* [WHAT IS EXPECTED]
Find the line with "(map_poly h q)" in the entries below. Repeat it, every following line, and the line with "text \<open>\<open>subst_xy U", exactly and with nothing added.

* [RECORDS SHOWN]
━━━━━━━━━━━━━━━━━━━━

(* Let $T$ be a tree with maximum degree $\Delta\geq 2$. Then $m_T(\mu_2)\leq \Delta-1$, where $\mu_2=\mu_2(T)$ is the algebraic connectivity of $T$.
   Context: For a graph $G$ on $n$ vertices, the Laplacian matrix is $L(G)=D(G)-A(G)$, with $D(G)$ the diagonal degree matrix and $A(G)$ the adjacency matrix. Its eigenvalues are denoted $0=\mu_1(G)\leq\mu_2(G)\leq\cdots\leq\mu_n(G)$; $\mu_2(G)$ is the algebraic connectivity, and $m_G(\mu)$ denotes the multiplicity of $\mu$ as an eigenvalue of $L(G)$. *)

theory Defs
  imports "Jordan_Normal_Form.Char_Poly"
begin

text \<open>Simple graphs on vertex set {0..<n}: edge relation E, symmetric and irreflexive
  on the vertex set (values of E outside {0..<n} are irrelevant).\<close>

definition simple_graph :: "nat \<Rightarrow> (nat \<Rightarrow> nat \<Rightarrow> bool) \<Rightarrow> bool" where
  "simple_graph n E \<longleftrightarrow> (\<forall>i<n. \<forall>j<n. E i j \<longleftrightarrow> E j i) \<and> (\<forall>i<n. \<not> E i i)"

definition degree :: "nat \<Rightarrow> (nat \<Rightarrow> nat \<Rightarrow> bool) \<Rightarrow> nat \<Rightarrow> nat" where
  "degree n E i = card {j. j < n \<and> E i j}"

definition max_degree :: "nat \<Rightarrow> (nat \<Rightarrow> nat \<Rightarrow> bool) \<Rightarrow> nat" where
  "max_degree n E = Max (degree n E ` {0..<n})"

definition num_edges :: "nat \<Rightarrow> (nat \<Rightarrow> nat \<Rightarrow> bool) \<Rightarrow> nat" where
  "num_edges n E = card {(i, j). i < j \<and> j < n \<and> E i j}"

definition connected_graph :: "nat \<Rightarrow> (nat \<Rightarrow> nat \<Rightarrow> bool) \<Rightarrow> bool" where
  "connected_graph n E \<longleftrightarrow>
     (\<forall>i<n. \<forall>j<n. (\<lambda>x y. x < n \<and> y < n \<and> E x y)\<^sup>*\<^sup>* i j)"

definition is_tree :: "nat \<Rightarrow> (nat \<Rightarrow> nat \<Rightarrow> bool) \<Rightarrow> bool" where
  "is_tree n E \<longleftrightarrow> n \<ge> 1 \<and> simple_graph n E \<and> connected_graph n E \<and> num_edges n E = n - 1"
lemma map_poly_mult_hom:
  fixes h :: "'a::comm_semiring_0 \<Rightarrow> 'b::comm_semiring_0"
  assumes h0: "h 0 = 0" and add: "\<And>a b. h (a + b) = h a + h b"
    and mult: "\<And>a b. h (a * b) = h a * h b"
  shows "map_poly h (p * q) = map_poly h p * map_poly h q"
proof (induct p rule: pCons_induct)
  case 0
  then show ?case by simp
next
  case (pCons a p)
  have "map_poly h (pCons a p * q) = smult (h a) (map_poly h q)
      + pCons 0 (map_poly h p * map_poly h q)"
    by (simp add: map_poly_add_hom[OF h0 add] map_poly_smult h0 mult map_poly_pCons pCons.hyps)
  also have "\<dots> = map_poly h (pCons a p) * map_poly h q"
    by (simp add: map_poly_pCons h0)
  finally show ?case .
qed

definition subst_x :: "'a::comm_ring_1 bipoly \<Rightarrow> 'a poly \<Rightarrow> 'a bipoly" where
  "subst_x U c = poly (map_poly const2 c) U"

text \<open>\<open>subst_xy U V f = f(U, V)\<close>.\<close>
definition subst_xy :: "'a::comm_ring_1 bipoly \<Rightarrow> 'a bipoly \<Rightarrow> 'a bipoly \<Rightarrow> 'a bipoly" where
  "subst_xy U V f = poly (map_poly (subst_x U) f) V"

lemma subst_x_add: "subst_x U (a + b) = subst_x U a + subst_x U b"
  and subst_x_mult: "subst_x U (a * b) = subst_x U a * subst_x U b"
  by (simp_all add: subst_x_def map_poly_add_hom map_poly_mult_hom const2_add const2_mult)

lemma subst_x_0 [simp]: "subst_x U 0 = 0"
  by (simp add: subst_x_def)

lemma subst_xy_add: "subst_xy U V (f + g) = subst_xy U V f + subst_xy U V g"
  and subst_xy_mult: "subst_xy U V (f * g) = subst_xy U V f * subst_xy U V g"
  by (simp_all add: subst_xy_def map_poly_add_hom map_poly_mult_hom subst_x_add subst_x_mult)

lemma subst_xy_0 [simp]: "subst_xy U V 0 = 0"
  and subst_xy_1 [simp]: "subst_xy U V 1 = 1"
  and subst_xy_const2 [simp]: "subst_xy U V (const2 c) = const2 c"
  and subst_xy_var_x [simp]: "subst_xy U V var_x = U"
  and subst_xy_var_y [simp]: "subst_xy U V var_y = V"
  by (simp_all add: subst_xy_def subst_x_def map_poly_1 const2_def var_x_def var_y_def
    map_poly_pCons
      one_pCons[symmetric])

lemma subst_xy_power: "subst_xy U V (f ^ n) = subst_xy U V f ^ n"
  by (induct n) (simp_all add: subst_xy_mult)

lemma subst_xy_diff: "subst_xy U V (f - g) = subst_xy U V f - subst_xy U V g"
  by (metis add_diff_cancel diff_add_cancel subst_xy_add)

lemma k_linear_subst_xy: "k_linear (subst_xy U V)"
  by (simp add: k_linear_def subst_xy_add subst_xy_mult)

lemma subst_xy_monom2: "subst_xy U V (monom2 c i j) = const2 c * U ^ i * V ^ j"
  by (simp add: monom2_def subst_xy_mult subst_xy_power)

━━━━━━━━━━━━━━━━━━━━

* [SOLUTION FOR THIS EXERCISE]
  have "map_poly h (pCons a p * q) = smult (h a) (map_poly h q)
      + pCons 0 (map_poly h p * map_poly h q)"
    by (simp add: map_poly_add_hom[OF h0 add] map_poly_smult h0 mult map_poly_pCons pCons.hyps)
  also have "\<dots> = map_poly h (pCons a p) * map_poly h q"
    by (simp add: map_poly_pCons h0)
  finally show ?case .
qed

definition subst_x :: "'a::comm_ring_1 bipoly \<Rightarrow> 'a poly \<Rightarrow> 'a bipoly" where
  "subst_x U c = poly (map_poly const2 c) U"

text \<open>\<open>subst_xy U V f = f(U, V)\<close>.\<close>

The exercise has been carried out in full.